# SOURCE MATERIAL:

(* Assume $h$ satisfies Assumption 1. If $R\le c/\delta$, then $\hat B^d=B^d$ and $\hat\epsilon(x,i)=0$ for all $i\in\{0,1\}$ and $x=0,1,\dots,B^s$.
   Context: Parameters: $\lambda>0$, $0<\mu_l<\mu_h$, $\delta=\mu_h-\mu_l$, $\Lambda=\lambda+\mu_h$, $R\ge 0$, $c>0$, discount rate $\beta>0$ with the normalization $\Lambda+\beta=1$, and $h:\{0,1,2,\dots\}\to\mathbb{R}$ nondecreasing and convex with $h(0)=0$. Assumption 1: (1) there is $\theta>1$ with $h(x+1)\le\theta h(x)$ for all $x>0$; (2) there exist $\gamma\in[0,1)$ and a positive integer $J$ with $\left(\frac{\Lambda}{\Lambda+\beta}\right)^J[R+c+h(x+J)]\le\gamma[R+c+h(x)]$ for all $x\ge0$. Combined problem finite-horizon values on $S=\{0,1,\dots\}\times\{0,1\}$: $v_0\equiv0$, $v_{n+1}(0,0)=\lambda v_n(0,1)+\mu_h v_n(0,0)$; $v_{n+1}(x,0)=-h(x)+\lambda v_n(x,1)+\mu_l v_n(x-1,0)+\max\{\delta v_n(x,0),-c+\delta v_n(x-1,0)\}$ for $x\ge1$; $v_{n+1}(x,1)=\max\{R+v_{n+1}(x+1,0),v_{n+1}(x,0)\}$. Admission-control subproblem: $\hat v$ defined identically except that the max in the $(x,0)$ equation is replaced by $\delta\hat v_n(x,0)$ (service rate always $\mu_l$). Infinite-horizon values: $v=\lim_n v_n$ and $\hat v=\lim_n\hat v_n$ (pointwise limits, which exist under Assumption 1). $\hat\epsilon(x,i)=v(x,i)-\hat v(x,i)$. With $\Delta(x,0)=v(x,0)-v(x+1,0)$, $\hat\Delta(x,0)=\hat v(x,0)-\hat v(x+1,0)$ and $T_f(\theta)=\sup\{k\ge0:f(k)\le\theta\}$ ($\sup\emptyset=-1$, $+\infty$ allowed), the thresholds are $B^s=1+T_{\Delta(\cdot,0)}(c/\delta)$, $B^d=T_{\Delta(\cdot,0)}(R)$ and $\hat B^d=T_{\hat\Delta(\cdot,0)}(R)$. *)

theory Defs
  imports Complex_Main "HOL-Library.Extended_Real"
begin

text \<open>States are pairs (x,i) with x a queue length and i in {0,1}; values are
represented as functions w x i (only i = 0 and i = 1 are meaningful).
The flag ctrl = True gives the combined problem (service-rate control),
ctrl = False gives the admission-control subproblem (rate always mu_l).\<close>

definition vstep :: "bool \<Rightarrow> real \<Rightarrow> real \<Rightarrow> real \<Rightarrow> real \<Rightarrow> real \<Rightarrow> (nat \<Rightarrow> real)
    \<Rightarrow> (nat \<Rightarrow> nat \<Rightarrow> real) \<Rightarrow> nat \<Rightarrow> nat \<Rightarrow> real" where
  "vstep ctrl lam mul muh R c h w =
    (let d = muh - mul;
         w0 = (\<lambda>x. if x = 0 then lam * w 0 1 + muh * w 0 0
                   else - h x + lam * w x 1 + mul * w (x - 1) 0
                        + (if ctrl then max (d * w x 0) (- c + d * w (x - 1) 0)
                           else d * w x 0))
     in (\<lambda>x i. if i = 0 then w0 x else max (R + w0 (x + 1)) (w0 x)))"

primrec vn :: "bool \<Rightarrow> real \<Rightarrow> real \<Rightarrow> real \<Rightarrow> real \<Rightarrow> real \<Rightarrow> (nat \<Rightarrow> real)
    \<Rightarrow> nat \<Rightarrow> nat \<Rightarrow> nat \<Rightarrow> real" where
  "vn ctrl lam mul muh R c h 0 = (\<lambda>x i. 0)"
| "vn ctrl lam mul muh R c h (Suc n) = vstep ctrl lam mul muh R c h (vn ctrl lam mul muh R c h n)"

definition vinf :: "bool \<Rightarrow> real \<Rightarrow> real \<Rightarrow> real \<Rightarrow> real \<Rightarrow> real \<Rightarrow> (nat \<Rightarrow> real)
    \<Rightarrow> nat \<Rightarrow> nat \<Rightarrow> real" where
  "vinf ctrl lam mul muh R c h x i = lim (\<lambda>n. vn ctrl lam mul muh R c h n x i)"

definition Tsup :: "(nat \<Rightarrow> real) \<Rightarrow> real \<Rightarrow> ereal" where
  "Tsup f \<theta> = (if {k. f k \<le> \<theta>} = {} then -1
                 else Sup ((\<lambda>k. ereal (real k)) ` {k. f k \<le> \<theta>}))"

end

theory Submission
  imports Defs
begin

(* Proof idea.  Both problems are solved by value iteration with the Bellman operator B b
   (b = True: combined problem, b = False: admission control only).

   B b is a local contraction with modulus Lambda = lam + muh < 1: at state
      (x,0) it moves by at most Lambda times the change of its inputs at states <= x.  With
      Assumption 1(2) the increments of value iteration are summable, so the finite-horizon
      values converge and their limits are fixed points of B b.
   3. Invariants of B b, inherited by the limits: the combined values dominate the admission
      values, all values lie between -h x / beta and lam R / beta, and the differences
      v(x,0) - v(x+1,0) are nonnegative and nondecreasing (this uses convexity of h).
   4. Gap analysis.  Let gap = v - vh.  On a "slow segment" -- a down-closed set of queue
      lengths on which the combined problem keeps the slow rate and which is closed under its
      admissions -- the gap satisfies gap <= Lambda^k * (R + c + h(x+k)) / beta for every k,
      hence vanishes.
   5. For R <= c/delta the states x <= B^s form a slow segment; there the two problems have
      the same differences, so they take the same admission decisions (B^d = hat B^d), and the
      gap, i.e. hat epsilon, is zero. *)

lemma abs_max_diff_le: "\<bar>max p q - max p' q'\<bar> \<le> max \<bar>p - p'\<bar> \<bar>q - q'\<bar>" for p q p' q' :: real
  by (auto simp: max_def abs_if)

lemma switch_diff_first: "d * p - max (d * r) (- c + d * p) = min (d * (p - r)) c" for d c p r :: real
  by (auto simp: max_def min_def algebra_simps)

lemma switch_diff: "max (d * q) (- c + d * p) - max (d * r) (- c + d * q)
    = min (d * (q - r)) c + max 0 (d * (p - q) - c)" for d c p q r :: real
  by (auto simp: max_def min_def algebra_simps)

lemma admission_keeps_concave:
  fixes a0 a1 a2 a3 R :: real
  assumes "0 \<le> a0 - a1" "a0 - a1 \<le> a1 - a2" "a1 - a2 \<le> a2 - a3" "0 \<le> R"
  shows "0 \<le> max (R + a1) a0 - max (R + a2) a1
    \<and> max (R + a1) a0 - max (R + a2) a1 \<le> max (R + a2) a1 - max (R + a3) a2"
  using assms by (auto simp: max_def)

lemma Tsup_upper: "f k \<le> \<theta> \<Longrightarrow> ereal (real k) \<le> Tsup f \<theta>"
  unfolding Tsup_def by (auto intro!: Sup_upper)

lemma Tsup_ge_minus_one: "-1 \<le> Tsup f \<theta>"
proof (cases "{j. f j \<le> \<theta>} = {}")
  case True
  then show ?thesis by (simp add: Tsup_def)
next
  case False
  then obtain k where "f k \<le> \<theta>" by auto
  then have "ereal (real k) \<le> Tsup f \<theta>" by (rule Tsup_upper)
  moreover have "-1 \<le> ereal (real k)" by (simp add: one_ereal_def)
  ultimately show ?thesis by (rule order_trans[rotated])
qed

lemma Tsup_below:
  assumes mono: "\<And>j. f j \<le> f (Suc j)" and k: "ereal (real k) \<le> Tsup f \<theta>"
  shows "f k \<le> \<theta>"
proof (rule ccontr)
  assume "\<not> f k \<le> \<theta>"
  then have below_k: "real j \<le> real k - 1" if "f j \<le> \<theta>" for j
  proof -
    have "j < k" using that lift_Suc_mono_le[of f, OF mono, of k j] \<open>\<not> f k \<le> \<theta>\<close>
      by (meson leI order_trans)
    then show ?thesis by linarith
  qed
  show False
  proof (cases "{j. f j \<le> \<theta>} = {}")
    case True
    then show False using k by (simp add: Tsup_def one_ereal_def)
  next
    case False
    have "Tsup f \<theta> = Sup ((\<lambda>k. ereal (real k)) ` {j. f j \<le> \<theta>})"
      by (simp only: Tsup_def if_not_P[OF False])
    also have "\<dots> \<le> ereal (real k - 1)"
      using below_k by (auto intro!: Sup_least)
    finally have "ereal (real k) \<le> ereal (real k - 1)" using k by (rule order_trans[rotated])
    then show False by simp
  qed
qed

lemma Tsup_cong: "(\<And>k. f k \<le> \<theta> \<longleftrightarrow> g k \<le> \<theta>') \<Longrightarrow> Tsup f \<theta> = Tsup g \<theta>'"
  by (simp add: Tsup_def)
lemma bn_sigma_upd: "par v \<noteq> Some w \<Longrightarrow> bn_sigma par cp v (x(w := b)) = bn_sigma par cp v x"
  by (rule bn_sigma_cong) auto

lemma bn_phiS_upd:
  "w \<notin> S \<Longrightarrow> \<forall>v\<in>S. par v \<noteq> Some w \<Longrightarrow> bn_phiS par cp S (x(w := b)) = bn_phiS par cp S x"
  unfolding bn_phiS_def bn_phi_def by (intro prod.cong) (auto simp: bn_mu_upd bn_sigma_upd)

lemma bn_dist_on_upd:
  "w \<notin> V \<Longrightarrow> \<forall>v\<in>V. par v \<noteq> Some w \<Longrightarrow> bn_dist_on par cp V (x(w := b)) = bn_dist_on par cp V x"
  unfolding bn_dist_on_def by (intro prod.cong) (auto simp: bn_mu_upd)

lemma bn_sigma_eq_div:
  assumes "0 \<le> bn_mu par cp v x" "bn_mu par cp v x \<le> 1"
  shows "bn_mu par cp v x * (1 - bn_mu par cp v x) / bn_sigma par cp v x = bn_sigma par cp v x"
  using assms unfolding bn_sigma_def by (simp add: real_div_sqrt)

lemma bn_sigma_bounds:
  "0 \<le> bn_mu par cp v x \<Longrightarrow> bn_mu par cp v x \<le> 1
     \<Longrightarrow> 0 \<le> bn_sigma par cp v x \<and> bn_sigma par cp v x \<le> 1"
  unfolding bn_sigma_def by (simp add: mult_le_one)

lemma bn_mu_sigma_affine:
  fixes \<alpha> :: real
  assumes "\<And>x y. \<bar>bn_mu par cp w x - bn_mu par cp w y\<bar> \<le> \<alpha>
    \<and> \<bar>bn_sigma par cp w x - bn_sigma par cp w y\<bar> \<le> \<alpha>"
  obtains a1 b1 p a2 b2 where "\<And>x. bn_mu par cp w x = a1 + b1 * ind (x p)"
    and "\<And>x. bn_sigma par cp w x = a2 + b2 * ind (x p)" and "\<bar>b1\<bar> \<le> \<alpha>" "\<bar>b2\<bar> \<le> \<alpha>"
proof -
  \<comment> \<open>for a root any \<open>p\<close> will do: then \<open>\<mu>\<^sub>w\<close> and \<open>\<sigma>\<^sub>w\<close> are constant\<close>
  define p where "p = (case par w of Some u \<Rightarrow> u | None \<Rightarrow> w)"
  define x0 x1 where "x0 = (\<lambda>_ :: nat. False)" and "x1 = (\<lambda>i. i = p)"
  have agree: "x u = (if x p then x1 else x0) u" if "par w = Some u" for x u
    using that by (simp add: p_def x0_def x1_def)
  define a1 b1 where "a1 = bn_mu par cp w x0" and "b1 = bn_mu par cp w x1 - bn_mu par cp w x0"
  define a2 b2 where "a2 = bn_sigma par cp w x0" and "b2 = bn_sigma par cp w x1 - bn_sigma par cp w x0"
  have "bn_mu par cp w x = a1 + b1 * ind (x p)" and "bn_sigma par cp w x = a2 + b2 * ind (x p)" for x
    using bn_mu_cong[of par w x "if x p then x1 else x0" cp]
      bn_sigma_cong[of par w x "if x p then x1 else x0" cp] agree[of _ x]
    by (cases "x p"; simp add: a1_def b1_def a2_def b2_def ind_def)+
  moreover have "\<bar>b1\<bar> \<le> \<alpha>" "\<bar>b2\<bar> \<le> \<alpha>"
    using assms[of x1 x0] by (simp_all add: b1_def b2_def)
  ultimately show ?thesis by (rule that)
qed

lemma bn_expect_cong:
  "(\<And>x. x \<in> cube_on V \<Longrightarrow> f x = g x) \<Longrightarrow> bn_expect par cp V f = bn_expect par cp V g"
  unfolding bn_expect_def by (simp cong: sum.cong)

lemma bn_expect_add:
  "bn_expect par cp V (\<lambda>x. f x + g x) = bn_expect par cp V f + bn_expect par cp V g"
  unfolding bn_expect_def by (simp add: distrib_left sum.distrib)

lemma bn_expect_scale:
  "bn_expect par cp V (\<lambda>x. c * f x) = c * bn_expect par cp V f"
  unfolding bn_expect_def by (simp add: sum_distrib_left mult_ac)

lemma bn_L1_on_nonneg: "0 \<le> bn_L1_on par cp V f"
  unfolding bn_L1_on_def by (simp add: sum_nonneg)

lemma bn_L1_on_cong:
  "(\<And>x. x \<in> cube_on V \<Longrightarrow> f x = g x) \<Longrightarrow> bn_L1_on par cp V f = bn_L1_on par cp V g"
  unfolding bn_L1_on_def by (simp cong: bn_expect_cong)

lemma bn_L1_on_add_le:
  "bn_L1_on par cp V (\<lambda>x. f x + g x) \<le> bn_L1_on par cp V f + bn_L1_on par cp V g"
  unfolding bn_L1_on_def sum.distrib[symmetric]
  by (rule sum_mono) (simp add: distrib_right bn_expect_add abs_triangle_ineq)

lemma bn_L1_on_scale: "bn_L1_on par cp V (\<lambda>x. c * f x) = \<bar>c\<bar> * bn_L1_on par cp V f"
  unfolding bn_L1_on_def
  by (simp add: mult.assoc bn_expect_scale abs_mult sum_distrib_left)

lemma bn_L1_on_affine_le:
  "bn_L1_on par cp V (\<lambda>x. (a + b * ind (x p)) * g x)
     \<le> \<bar>a\<bar> * bn_L1_on par cp V g + \<bar>b\<bar> * bn_L1_on par cp V (\<lambda>x. ind (x p) * g x)"
  using bn_L1_on_add_le[of par cp V "\<lambda>x. a * g x" "\<lambda>x. b * (ind (x p) * g x)"]
  by (simp add: bn_L1_on_scale distrib_right mult.assoc)
lemma sym_mat_range_if_orthogonal_kernel:
  assumes "sym_mat X" and "\<And>v. X *v v = 0 \<Longrightarrow> x \<bullet> v = 0"
  shows "x \<in> range (\<lambda>v. X *v v)"
proof -
  have lin: "linear ((*v) X)" by (rule matrix_vector_mul_linear)
  have "transpose X = X" using assms(1) by (simp add: sym_mat_def)
  then have "adjoint ((*v) X) = (*v) X"
    using adjoint_matrix[of X] by simp
  then have kernel: "(*v) X -` {0} = (range ((*v) X))\<^sup>\<bottom>"
    using ker_orthogonal_comp_adjoint[OF lin] by simp
  have "x \<in> ((*v) X -` {0})\<^sup>\<bottom>"
    using assms(2) by (auto simp: orthogonal_comp_def orthogonal_def inner_commute)
  then show ?thesis
    unfolding kernel orthogonal_comp_self[OF linear_subspace_image[OF lin subspace_UNIV]]
    by simp
qed

lemma codim_kernel_less:
  fixes X Y :: "real^'n^'m"
  assumes "{v. X *v v = 0} \<subset> {v. Y *v v = 0}"
  shows "CARD('n) - dim {v. Y *v v = 0} < CARD('n) - dim {v. X *v v = 0}"
proof -
  have "subspace {v. Z *v v = 0}" for Z :: "real^'n^'m"
    by (auto simp: subspace_def matrix_vector_right_distrib matrix_vector_mult_scaleR)
  then have "dim {v. X *v v = 0} < dim {v. Y *v v = 0}"
    using assms by (intro dim_psubset) (simp add: span_eq_iff[THEN iffD2])
  moreover have "dim {v. Y *v v = 0} \<le> CARD('n)" by (rule dim_subset_UNIV_cart)
  ultimately show ?thesis by linarith
qed

lemma convex_hull_rank_one_range:
  assumes "S \<subseteq> {X. psd X}" and X: "X \<in> convex hull (S \<inter> range outer)" and "X \<noteq> 0"
  obtains x where "x \<noteq> 0" "outer x \<in> S" "x \<in> range (\<lambda>v. X *v v)"
proof -
  obtain F u where F: "finite F" "F \<subseteq> S \<inter> range outer"
    and u: "\<forall>t\<in>F. 0 \<le> u t" and X_eq: "(\<Sum>t\<in>F. u t *\<^sub>R t) = X"
    using X by (auto simp: convex_hull_explicit)
  have "\<exists>t\<in>F. u t *\<^sub>R t \<noteq> 0"
  proof (rule ccontr)
    assume "\<not> (\<exists>t\<in>F. u t *\<^sub>R t \<noteq> 0)"
    then have "(\<Sum>t\<in>F. u t *\<^sub>R t) = 0" by (intro sum.neutral) blast
    with X_eq \<open>X \<noteq> 0\<close> show False by simp
  qed
  then obtain t where "t \<in> F" and t_nonzero: "u t *\<^sub>R t \<noteq> 0" by blast
  then obtain x where t: "t = outer x" using F by blast
  have "x \<noteq> 0" using t_nonzero by (auto simp: t outer_zero)
  have "0 < u t" using t_nonzero u \<open>t \<in> F\<close> by (simp add: less_le)
  have "convex hull (S \<inter> range outer) \<subseteq> {X. psd X}"
    by (rule hull_minimal) (use assms(1) convex_psd in auto)
  then have "psd X" using X by blast
  have "x \<in> range (\<lambda>v. X *v v)"
  proof (rule sym_mat_range_if_orthogonal_kernel)
    show "sym_mat X" using \<open>psd X\<close> by (simp add: psd_def)
    fix v assume "X *v v = 0"
    then have sum_zero: "(\<Sum>s\<in>F. u s * (v \<bullet> (s *v v))) = 0"
      using linear_sum[OF linear_quadratic_form[of v], of "\<lambda>s. u s *\<^sub>R s" F]
        linear_scale[OF linear_quadratic_form[of v]]
      by (simp add: X_eq)
    have nonneg: "0 \<le> u s * (v \<bullet> (s *v v))" if "s \<in> F" for s
    proof -
      have "psd s" using that F assms(1) by blast
      then show ?thesis using that u by (simp add: psd_def)
    qed
    have "\<forall>s\<in>F. u s * (v \<bullet> (s *v v)) = 0"
      using sum_nonneg_eq_0_iff[OF F(1), of "\<lambda>s. u s * (v \<bullet> (s *v v))"] nonneg sum_zero
      by simp
    then have "u t * (v \<bullet> (t *v v)) = 0" using \<open>t \<in> F\<close> by blast
    then show "x \<bullet> v = 0"
      using \<open>0 < u t\<close> by (simp add: t quadratic_form_outer)
  qed
  with \<open>x \<noteq> 0\<close> \<open>t \<in> F\<close> F t that show ?thesis by blast
qed

lemma outer_in_T_set_iff: "outer x \<in> T_set M \<longleftrightarrow> x \<in> N_set M"
  by (simp add: T_set_def N_set_def psd_outer frob_outer)

lemma convex_T_set:
  fixes M :: "(real^'n^'n) set"
  shows "convex (T_set M)"
proof (rule convexI)
  fix X Y :: "real^'n^'n" and u v :: real
  assume "X \<in> T_set M" "Y \<in> T_set M" "0 \<le> u" "0 \<le> v" "u + v = 1"
  then show "u *\<^sub>R X + v *\<^sub>R Y \<in> T_set M"
    using convexD[OF convex_psd, of X Y u v]
    by (auto simp: T_set_def linear_add[OF linear_frob] linear_scale[OF linear_frob])
qed

lemma convex_cone_convex_hull_rank_one_T_set:
  "convex_cone (convex hull (T_set M \<inter> range outer))"
proof -
  have "cone (T_set M \<inter> range outer)"
  proof (unfold cone_def, intro ballI allI impI)
    fix Z and c :: real assume "Z \<in> T_set M \<inter> range outer" "0 \<le> c"
    then obtain x where "Z = outer x" "x \<in> N_set M"
      by (auto simp: outer_in_T_set_iff)
    moreover have "sqrt c *\<^sub>R x \<in> N_set M"
      using \<open>x \<in> N_set M\<close> by (simp add: N_set_def matrix_vector_mult_scaleR)
    moreover have "c *\<^sub>R outer x = outer (sqrt c *\<^sub>R x)"
      using \<open>0 \<le> c\<close> by (simp add: outer_scaleR)
    ultimately show "c *\<^sub>R Z \<in> T_set M \<inter> range outer"
      by (simp add: outer_in_T_set_iff)
  qed
  then have "conic (convex hull (T_set M \<inter> range outer))"
    using cone_convex_hull unfolding conic_def Convex.cone_def by blast
  moreover have "outer 0 \<in> T_set M \<inter> range outer"
    by (simp add: outer_in_T_set_iff N_set_def)
  ultimately show ?thesis
    by (auto simp: convex_cone_def dest: hull_inc)
qed

lemma T_set_diff_outer_range:
  assumes "X \<in> T_set M" and "X *v w \<in> N_set M"
  shows "X - (1 / (w \<bullet> (X *v w))) *\<^sub>R outer (X *v w) \<in> T_set M"
  using assms psd_diff_outer_range[of X w]
  by (simp add: T_set_def N_set_def frob_outer linear_diff[OF linear_frob]
      linear_scale[OF linear_frob])

lemma T_set_subset_convex_hull_rank_one:
  fixes M :: "(real^'n^'n) set"
  assumes range_meets_N: "\<forall>X\<in>T_set M. X \<noteq> 0 \<longrightarrow> range (\<lambda>v. X *v v) \<inter> N_set M \<noteq> {0}"
  shows "T_set M \<subseteq> convex hull (T_set M \<inter> range outer)"
proof
  fix X assume "X \<in> T_set M"
  then show "X \<in> convex hull (T_set M \<inter> range outer)"
  proof (induction "CARD('n) - dim {v. X *v v = 0}" arbitrary: X rule: less_induct)
    case less
    note K = convex_cone_convex_hull_rank_one_T_set[of M]
    show ?case
    proof (cases "X = 0")
      case True
      then show ?thesis using convex_cone_contains_0[OF K] by simp
    next
      case False
      then have "range (\<lambda>v. X *v v) \<inter> N_set M \<noteq> {0}"
        using range_meets_N less.prems by blast
      moreover have "0 \<in> range (\<lambda>v. X *v v) \<inter> N_set M"
        by (auto simp: N_set_def intro: range_eqI[of _ _ 0])
      ultimately obtain w where "X *v w \<in> N_set M" "X *v w \<noteq> 0"
        by blast
      define c where "c = w \<bullet> (X *v w)"
      define Y where "Y = X - (1 / c) *\<^sub>R outer (X *v w)"
      have "psd X" using less.prems by (simp add: T_set_def)
      have "Y \<in> T_set M"
        unfolding Y_def c_def by (rule T_set_diff_outer_range) fact+
      moreover have "{v. X *v v = 0} \<subset> {v. Y *v v = 0}"
        unfolding Y_def c_def by (rule kernel_psubset_diff_outer_range) fact+
      ultimately have "Y \<in> convex hull (T_set M \<inter> range outer)"
        using less.hyps codim_kernel_less by blast
      moreover have "(1 / c) *\<^sub>R outer (X *v w) \<in> convex hull (T_set M \<inter> range outer)"
        using \<open>X *v w \<in> N_set M\<close> \<open>psd X\<close>
        by (intro convex_cone_scaleR[OF K] hull_inc) (auto simp: c_def psd_def outer_in_T_set_iff)
      ultimately show ?thesis
        using convex_cone_add[OF K] by (force simp: Y_def)
    qed
  qed
qed

theorem corollary2p26:
  fixes M :: "(real^'n^'n) set"
  assumes "\<forall>A\<in>M. sym_mat A"
  shows "ROG (T_set M) \<longleftrightarrow>
         (\<forall>X\<in>T_set M. X \<noteq> 0 \<longrightarrow> range (\<lambda>v. X *v v) \<inter> N_set M \<noteq> {0})"
proof -
  have rank_one: "{outer x | x. True} = range outer" by auto
  have hull_subset: "convex hull (T_set M \<inter> range outer) \<subseteq> T_set M"
    by (rule hull_minimal) (auto simp: convex_T_set)
  show ?thesis
  proof
    assume "ROG (T_set M)"
    then have generated: "T_set M = convex hull (T_set M \<inter> range outer)"
      unfolding ROG_def rank_one .
    show "\<forall>X\<in>T_set M. X \<noteq> 0 \<longrightarrow> range (\<lambda>v. X *v v) \<inter> N_set M \<noteq> {0}"
    proof (intro ballI impI)
      fix X assume "X \<in> T_set M" "X \<noteq> 0"
      then obtain x where "x \<noteq> 0" "outer x \<in> T_set M" "x \<in> range (\<lambda>v. X *v v)"
        using convex_hull_rank_one_range[of "T_set M"] generated by (auto simp: T_set_def)
      then show "range (\<lambda>v. X *v v) \<inter> N_set M \<noteq> {0}"
        by (auto simp: outer_in_T_set_iff)
    qed
  next
    assume "\<forall>X\<in>T_set M. X \<noteq> 0 \<longrightarrow> range (\<lambda>v. X *v v) \<inter> N_set M \<noteq> {0}"
    then show "ROG (T_set M)"
      using T_set_subset_convex_hull_rank_one hull_subset unfolding ROG_def rank_one by blast
  qed
qed

end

# WHAT YOU ARE ASKED TO DO:
From the entries above, return each line with the word "definition" in it.

# RESULT OF THIS TASK:
definition vstep :: "bool \<Rightarrow> real \<Rightarrow> real \<Rightarrow> real \<Rightarrow> real \<Rightarrow> real \<Rightarrow> (nat \<Rightarrow> real)
definition vinf :: "bool \<Rightarrow> real \<Rightarrow> real \<Rightarrow> real \<Rightarrow> real \<Rightarrow> real \<Rightarrow> (nat \<Rightarrow> real)
definition Tsup :: "(nat \<Rightarrow> real) \<Rightarrow> real \<Rightarrow> ereal" where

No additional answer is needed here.